- _ABOUT THIS TASK_
In the material below, the required lines run from the one containing "unfolding hM_def using assms by (auto intro!: cINF_greatest)" through the one containing "pos t by auto". Copy those lines exactly, ends included, and nothing else.

- _SUPPLIED RECORDS_
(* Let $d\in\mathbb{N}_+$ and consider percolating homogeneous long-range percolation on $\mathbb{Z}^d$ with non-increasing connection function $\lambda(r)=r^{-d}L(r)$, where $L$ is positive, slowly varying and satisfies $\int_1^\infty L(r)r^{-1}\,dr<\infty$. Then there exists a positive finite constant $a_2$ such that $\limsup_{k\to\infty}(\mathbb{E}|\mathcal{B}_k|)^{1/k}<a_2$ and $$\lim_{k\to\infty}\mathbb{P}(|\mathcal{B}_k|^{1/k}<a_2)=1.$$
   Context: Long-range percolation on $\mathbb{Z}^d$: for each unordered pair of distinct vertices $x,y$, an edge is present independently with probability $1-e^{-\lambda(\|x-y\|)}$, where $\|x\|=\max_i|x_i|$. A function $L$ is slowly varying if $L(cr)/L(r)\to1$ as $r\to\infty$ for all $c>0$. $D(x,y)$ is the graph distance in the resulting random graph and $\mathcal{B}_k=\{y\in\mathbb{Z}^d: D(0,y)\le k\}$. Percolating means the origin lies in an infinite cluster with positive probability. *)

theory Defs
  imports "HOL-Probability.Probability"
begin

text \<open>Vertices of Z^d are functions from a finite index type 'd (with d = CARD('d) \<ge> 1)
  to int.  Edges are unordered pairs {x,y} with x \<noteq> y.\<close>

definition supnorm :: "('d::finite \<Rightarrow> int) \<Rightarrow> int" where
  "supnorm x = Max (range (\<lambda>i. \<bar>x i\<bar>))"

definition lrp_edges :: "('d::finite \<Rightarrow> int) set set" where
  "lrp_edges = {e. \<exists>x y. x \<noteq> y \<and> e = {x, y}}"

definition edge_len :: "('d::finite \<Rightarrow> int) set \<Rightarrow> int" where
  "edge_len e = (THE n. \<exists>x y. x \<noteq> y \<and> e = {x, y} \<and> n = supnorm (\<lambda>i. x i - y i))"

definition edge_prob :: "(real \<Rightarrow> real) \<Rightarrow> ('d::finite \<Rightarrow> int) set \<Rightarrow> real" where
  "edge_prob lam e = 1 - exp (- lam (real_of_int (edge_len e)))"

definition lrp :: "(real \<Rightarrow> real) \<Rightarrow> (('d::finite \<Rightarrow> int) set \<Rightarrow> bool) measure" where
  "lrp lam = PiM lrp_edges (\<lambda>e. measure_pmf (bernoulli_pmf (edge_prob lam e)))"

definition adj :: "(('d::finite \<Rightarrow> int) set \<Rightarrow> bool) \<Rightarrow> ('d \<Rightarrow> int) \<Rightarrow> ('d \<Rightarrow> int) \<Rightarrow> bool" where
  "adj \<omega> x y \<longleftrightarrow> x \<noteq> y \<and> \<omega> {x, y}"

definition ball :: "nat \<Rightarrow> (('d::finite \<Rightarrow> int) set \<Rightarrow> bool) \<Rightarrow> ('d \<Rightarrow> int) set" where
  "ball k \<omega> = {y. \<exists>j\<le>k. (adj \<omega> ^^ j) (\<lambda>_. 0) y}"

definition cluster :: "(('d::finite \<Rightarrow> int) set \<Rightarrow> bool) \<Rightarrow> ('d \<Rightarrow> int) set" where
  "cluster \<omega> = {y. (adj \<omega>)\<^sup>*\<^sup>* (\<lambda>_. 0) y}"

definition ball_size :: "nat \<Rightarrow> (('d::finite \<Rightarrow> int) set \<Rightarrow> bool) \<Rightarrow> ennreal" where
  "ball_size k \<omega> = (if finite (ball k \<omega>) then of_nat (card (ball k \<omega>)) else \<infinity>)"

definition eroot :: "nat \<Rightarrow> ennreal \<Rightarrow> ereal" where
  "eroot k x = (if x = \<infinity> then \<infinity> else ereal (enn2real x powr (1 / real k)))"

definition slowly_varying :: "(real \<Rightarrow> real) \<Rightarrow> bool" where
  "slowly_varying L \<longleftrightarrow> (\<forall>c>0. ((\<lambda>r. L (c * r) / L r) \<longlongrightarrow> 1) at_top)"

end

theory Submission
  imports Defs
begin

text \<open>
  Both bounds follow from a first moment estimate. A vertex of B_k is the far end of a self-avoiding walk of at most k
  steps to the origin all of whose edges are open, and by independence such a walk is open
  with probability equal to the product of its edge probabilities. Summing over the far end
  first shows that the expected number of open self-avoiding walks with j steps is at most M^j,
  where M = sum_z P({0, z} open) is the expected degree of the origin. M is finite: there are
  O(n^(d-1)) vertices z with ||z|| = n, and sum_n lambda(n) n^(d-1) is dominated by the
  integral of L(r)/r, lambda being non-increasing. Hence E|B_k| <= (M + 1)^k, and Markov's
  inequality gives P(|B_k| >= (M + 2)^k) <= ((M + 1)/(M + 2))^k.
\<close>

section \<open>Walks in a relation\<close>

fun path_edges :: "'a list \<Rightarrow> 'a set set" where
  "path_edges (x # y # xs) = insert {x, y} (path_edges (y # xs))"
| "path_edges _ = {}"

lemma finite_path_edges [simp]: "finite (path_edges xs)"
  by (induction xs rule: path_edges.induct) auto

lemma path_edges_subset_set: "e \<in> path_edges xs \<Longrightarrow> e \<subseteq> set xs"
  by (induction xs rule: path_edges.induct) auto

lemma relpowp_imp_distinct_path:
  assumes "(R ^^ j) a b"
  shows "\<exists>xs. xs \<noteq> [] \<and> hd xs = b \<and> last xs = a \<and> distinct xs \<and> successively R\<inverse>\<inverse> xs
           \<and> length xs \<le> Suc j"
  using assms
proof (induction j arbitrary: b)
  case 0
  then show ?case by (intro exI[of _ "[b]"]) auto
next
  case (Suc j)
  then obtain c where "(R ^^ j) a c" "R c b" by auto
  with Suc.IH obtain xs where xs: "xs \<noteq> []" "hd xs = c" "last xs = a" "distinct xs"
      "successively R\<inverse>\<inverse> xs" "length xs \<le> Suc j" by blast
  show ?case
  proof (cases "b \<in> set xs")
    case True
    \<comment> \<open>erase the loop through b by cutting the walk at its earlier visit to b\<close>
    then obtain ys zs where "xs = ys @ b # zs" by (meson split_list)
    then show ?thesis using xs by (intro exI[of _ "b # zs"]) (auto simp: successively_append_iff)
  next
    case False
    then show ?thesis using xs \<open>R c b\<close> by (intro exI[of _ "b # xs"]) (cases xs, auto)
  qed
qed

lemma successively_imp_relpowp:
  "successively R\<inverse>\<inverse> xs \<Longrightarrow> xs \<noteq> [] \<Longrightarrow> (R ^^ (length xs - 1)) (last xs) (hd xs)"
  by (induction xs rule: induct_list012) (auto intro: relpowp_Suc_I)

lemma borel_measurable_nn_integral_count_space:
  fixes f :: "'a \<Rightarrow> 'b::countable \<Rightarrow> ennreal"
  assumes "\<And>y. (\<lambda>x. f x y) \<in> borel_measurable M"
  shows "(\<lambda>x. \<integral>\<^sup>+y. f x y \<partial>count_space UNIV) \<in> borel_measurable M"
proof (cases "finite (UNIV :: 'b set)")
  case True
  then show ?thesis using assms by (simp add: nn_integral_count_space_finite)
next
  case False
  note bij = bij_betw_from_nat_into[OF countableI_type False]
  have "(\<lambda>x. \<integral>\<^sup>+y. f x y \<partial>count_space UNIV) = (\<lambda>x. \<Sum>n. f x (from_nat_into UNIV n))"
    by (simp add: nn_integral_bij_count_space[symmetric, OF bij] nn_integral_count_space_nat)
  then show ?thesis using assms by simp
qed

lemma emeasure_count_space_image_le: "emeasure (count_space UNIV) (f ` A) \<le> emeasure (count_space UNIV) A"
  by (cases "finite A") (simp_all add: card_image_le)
...
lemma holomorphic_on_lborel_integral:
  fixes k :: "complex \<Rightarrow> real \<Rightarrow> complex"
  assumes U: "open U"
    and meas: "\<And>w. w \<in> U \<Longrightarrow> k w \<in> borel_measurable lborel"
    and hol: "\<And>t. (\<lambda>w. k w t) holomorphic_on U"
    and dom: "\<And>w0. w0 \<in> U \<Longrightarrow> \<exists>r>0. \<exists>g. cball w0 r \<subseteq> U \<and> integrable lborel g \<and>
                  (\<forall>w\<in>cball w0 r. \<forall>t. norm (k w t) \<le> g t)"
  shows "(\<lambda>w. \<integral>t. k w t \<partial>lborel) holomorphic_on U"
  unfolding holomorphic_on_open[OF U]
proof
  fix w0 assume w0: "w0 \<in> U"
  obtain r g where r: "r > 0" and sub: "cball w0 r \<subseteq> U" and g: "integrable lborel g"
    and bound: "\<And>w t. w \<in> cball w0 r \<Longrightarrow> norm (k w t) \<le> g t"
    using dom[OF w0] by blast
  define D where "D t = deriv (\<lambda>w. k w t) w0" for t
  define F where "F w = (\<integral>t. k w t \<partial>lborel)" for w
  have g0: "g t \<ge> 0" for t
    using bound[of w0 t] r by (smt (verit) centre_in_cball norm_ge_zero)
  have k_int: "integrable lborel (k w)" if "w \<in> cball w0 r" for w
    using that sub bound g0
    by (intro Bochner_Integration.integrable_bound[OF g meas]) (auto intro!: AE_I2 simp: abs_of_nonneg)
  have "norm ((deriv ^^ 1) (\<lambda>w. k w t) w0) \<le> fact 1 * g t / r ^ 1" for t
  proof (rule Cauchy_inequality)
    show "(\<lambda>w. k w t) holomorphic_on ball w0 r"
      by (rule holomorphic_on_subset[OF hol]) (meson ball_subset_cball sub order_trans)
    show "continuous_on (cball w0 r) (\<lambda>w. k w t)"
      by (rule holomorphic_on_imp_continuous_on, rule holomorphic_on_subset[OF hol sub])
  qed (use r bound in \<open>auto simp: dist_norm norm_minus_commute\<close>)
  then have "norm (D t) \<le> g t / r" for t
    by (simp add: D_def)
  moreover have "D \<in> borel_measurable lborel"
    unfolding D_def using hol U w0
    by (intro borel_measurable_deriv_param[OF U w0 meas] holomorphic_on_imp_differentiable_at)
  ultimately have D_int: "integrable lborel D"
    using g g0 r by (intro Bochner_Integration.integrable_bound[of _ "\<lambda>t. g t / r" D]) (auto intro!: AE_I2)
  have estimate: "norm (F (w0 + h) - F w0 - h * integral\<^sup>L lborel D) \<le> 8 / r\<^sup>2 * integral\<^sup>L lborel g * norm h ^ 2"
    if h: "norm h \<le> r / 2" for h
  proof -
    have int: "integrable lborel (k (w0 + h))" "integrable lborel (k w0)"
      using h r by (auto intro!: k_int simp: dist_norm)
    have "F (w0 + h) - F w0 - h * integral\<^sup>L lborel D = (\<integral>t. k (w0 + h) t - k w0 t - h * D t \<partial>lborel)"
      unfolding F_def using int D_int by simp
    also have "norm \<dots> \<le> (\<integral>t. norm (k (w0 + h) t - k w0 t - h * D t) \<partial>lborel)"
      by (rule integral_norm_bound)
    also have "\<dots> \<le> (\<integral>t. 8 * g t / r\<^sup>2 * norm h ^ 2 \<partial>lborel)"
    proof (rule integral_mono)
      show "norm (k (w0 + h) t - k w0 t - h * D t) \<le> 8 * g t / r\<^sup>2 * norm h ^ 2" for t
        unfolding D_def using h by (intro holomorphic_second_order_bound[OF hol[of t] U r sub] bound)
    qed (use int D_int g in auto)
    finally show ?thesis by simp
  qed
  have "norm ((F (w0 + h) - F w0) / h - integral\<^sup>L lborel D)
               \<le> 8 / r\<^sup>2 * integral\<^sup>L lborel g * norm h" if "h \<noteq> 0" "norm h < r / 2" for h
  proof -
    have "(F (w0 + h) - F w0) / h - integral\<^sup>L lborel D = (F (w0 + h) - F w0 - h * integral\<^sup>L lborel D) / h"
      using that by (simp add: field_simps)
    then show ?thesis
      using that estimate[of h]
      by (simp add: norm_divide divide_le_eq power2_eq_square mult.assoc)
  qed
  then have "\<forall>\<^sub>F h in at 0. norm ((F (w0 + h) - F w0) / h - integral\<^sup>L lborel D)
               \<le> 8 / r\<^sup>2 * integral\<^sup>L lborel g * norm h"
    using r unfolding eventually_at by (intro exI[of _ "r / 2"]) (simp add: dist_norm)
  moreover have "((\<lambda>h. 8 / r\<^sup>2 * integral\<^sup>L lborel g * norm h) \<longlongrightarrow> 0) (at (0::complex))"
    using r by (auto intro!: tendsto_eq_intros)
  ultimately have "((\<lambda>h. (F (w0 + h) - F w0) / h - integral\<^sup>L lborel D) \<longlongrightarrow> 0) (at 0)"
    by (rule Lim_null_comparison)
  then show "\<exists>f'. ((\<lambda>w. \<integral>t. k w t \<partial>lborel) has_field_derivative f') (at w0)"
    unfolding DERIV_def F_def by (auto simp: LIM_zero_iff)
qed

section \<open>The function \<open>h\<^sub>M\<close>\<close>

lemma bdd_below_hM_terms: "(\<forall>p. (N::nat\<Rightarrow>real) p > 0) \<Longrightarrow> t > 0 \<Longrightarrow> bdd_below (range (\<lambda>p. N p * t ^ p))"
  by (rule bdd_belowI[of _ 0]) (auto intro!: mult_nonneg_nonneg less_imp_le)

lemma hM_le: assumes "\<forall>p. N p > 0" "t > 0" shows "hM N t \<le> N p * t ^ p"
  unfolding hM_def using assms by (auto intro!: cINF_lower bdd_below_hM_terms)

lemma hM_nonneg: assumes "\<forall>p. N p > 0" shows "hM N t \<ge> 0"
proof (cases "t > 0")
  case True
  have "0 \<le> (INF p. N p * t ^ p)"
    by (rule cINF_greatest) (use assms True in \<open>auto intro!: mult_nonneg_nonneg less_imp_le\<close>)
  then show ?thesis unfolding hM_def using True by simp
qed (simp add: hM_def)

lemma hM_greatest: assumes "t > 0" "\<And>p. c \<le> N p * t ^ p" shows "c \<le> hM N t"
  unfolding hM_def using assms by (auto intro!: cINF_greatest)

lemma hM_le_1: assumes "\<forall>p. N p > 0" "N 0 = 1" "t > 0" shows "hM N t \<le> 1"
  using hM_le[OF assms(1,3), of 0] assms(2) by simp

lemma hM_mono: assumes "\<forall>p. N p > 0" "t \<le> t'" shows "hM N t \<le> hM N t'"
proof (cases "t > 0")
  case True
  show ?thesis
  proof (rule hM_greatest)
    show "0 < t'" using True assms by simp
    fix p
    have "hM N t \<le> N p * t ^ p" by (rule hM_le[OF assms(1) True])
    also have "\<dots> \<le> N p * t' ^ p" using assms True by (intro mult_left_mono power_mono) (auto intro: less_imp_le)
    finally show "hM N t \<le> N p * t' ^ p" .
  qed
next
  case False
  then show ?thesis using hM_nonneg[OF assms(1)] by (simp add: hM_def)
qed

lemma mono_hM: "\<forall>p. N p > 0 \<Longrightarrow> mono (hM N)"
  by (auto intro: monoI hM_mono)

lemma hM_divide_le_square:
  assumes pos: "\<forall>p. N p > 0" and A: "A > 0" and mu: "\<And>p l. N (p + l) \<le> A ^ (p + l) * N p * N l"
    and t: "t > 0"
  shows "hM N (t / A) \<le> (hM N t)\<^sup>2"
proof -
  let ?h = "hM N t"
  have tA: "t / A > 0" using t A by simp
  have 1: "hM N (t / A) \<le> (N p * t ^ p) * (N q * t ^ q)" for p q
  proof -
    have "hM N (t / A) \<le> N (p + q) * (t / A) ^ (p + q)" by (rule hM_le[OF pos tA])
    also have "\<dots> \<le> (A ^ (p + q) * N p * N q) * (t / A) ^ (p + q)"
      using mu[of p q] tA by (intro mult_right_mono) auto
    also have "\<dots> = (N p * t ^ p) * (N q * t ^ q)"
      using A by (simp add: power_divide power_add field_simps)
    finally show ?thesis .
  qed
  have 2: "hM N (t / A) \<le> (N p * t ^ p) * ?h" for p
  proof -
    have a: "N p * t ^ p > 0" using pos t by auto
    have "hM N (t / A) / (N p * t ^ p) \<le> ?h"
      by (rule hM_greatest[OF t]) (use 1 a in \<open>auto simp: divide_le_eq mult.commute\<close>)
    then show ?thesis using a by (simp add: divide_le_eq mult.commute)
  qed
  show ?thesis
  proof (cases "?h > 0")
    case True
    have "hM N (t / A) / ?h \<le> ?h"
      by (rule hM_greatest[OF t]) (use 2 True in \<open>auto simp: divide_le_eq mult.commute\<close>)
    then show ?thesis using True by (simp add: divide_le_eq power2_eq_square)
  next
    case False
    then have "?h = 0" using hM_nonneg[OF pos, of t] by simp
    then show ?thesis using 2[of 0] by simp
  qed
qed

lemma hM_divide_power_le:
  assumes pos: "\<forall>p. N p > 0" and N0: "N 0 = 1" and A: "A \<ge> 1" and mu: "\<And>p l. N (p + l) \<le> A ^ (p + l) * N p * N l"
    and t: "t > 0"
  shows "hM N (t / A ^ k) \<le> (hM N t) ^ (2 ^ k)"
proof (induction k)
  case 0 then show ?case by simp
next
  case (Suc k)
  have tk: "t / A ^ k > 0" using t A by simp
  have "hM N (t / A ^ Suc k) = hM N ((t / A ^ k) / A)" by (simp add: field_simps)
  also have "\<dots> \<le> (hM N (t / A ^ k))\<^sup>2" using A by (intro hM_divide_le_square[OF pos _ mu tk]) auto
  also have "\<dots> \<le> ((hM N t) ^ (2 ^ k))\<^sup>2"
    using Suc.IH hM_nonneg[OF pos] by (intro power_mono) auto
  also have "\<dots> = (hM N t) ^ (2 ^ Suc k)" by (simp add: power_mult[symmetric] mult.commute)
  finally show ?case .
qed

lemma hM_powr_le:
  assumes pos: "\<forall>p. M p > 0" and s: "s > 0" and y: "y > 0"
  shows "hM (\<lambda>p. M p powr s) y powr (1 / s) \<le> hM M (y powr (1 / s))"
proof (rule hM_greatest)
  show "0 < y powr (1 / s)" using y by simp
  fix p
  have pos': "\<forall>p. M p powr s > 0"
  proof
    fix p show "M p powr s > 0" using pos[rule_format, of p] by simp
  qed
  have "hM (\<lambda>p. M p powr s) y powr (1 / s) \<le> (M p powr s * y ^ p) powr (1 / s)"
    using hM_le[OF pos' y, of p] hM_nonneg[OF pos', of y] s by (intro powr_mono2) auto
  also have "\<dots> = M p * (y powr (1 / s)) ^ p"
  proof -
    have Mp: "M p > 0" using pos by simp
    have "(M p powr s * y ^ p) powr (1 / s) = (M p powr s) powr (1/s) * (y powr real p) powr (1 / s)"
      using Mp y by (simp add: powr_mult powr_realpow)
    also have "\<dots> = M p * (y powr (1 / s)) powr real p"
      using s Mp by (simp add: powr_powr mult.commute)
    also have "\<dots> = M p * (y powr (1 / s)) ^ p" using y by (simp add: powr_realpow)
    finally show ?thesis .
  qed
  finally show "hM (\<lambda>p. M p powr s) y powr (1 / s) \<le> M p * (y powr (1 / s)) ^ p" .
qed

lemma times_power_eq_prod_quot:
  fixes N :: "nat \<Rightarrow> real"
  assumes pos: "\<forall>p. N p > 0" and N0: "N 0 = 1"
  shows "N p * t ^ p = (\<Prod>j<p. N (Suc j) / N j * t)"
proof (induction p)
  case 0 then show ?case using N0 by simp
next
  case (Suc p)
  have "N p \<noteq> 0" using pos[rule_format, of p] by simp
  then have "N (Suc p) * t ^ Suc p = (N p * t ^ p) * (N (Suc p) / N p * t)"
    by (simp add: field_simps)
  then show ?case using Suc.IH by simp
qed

- _ANSWER BELOW_
  unfolding hM_def using assms by (auto intro!: cINF_greatest)

lemma hM_le_1: assumes "\<forall>p. N p > 0" "N 0 = 1" "t > 0" shows "hM N t \<le> 1"
  using hM_le[OF assms(1,3), of 0] assms(2) by simp

lemma hM_mono: assumes "\<forall>p. N p > 0" "t \<le> t'" shows "hM N t \<le> hM N t'"
proof (cases "t > 0")
  case True
  show ?thesis
  proof (rule hM_greatest)
    show "0 < t'" using True assms by simp
    fix p
    have "hM N t \<le> N p * t ^ p" by (rule hM_le[OF assms(1) True])
    also have "\<dots> \<le> N p * t' ^ p" using assms True by (intro mult_left_mono power_mono) (auto intro: less_imp_le)
    finally show "hM N t \<le> N p * t' ^ p" .
  qed
next
  case False
  then show ?thesis using hM_nonneg[OF assms(1)] by (simp add: hM_def)
qed

lemma mono_hM: "\<forall>p. N p > 0 \<Longrightarrow> mono (hM N)"
  by (auto intro: monoI hM_mono)

lemma hM_divide_le_square:
  assumes pos: "\<forall>p. N p > 0" and A: "A > 0" and mu: "\<And>p l. N (p + l) \<le> A ^ (p + l) * N p * N l"
    and t: "t > 0"
  shows "hM N (t / A) \<le> (hM N t)\<^sup>2"
proof -
  let ?h = "hM N t"
  have tA: "t / A > 0" using t A by simp
  have 1: "hM N (t / A) \<le> (N p * t ^ p) * (N q * t ^ q)" for p q
  proof -
    have "hM N (t / A) \<le> N (p + q) * (t / A) ^ (p + q)" by (rule hM_le[OF pos tA])
    also have "\<dots> \<le> (A ^ (p + q) * N p * N q) * (t / A) ^ (p + q)"
      using mu[of p q] tA by (intro mult_right_mono) auto
    also have "\<dots> = (N p * t ^ p) * (N q * t ^ q)"
      using A by (simp add: power_divide power_add field_simps)
    finally show ?thesis .
  qed
  have 2: "hM N (t / A) \<le> (N p * t ^ p) * ?h" for p
  proof -
    have a: "N p * t ^ p > 0" using pos t by auto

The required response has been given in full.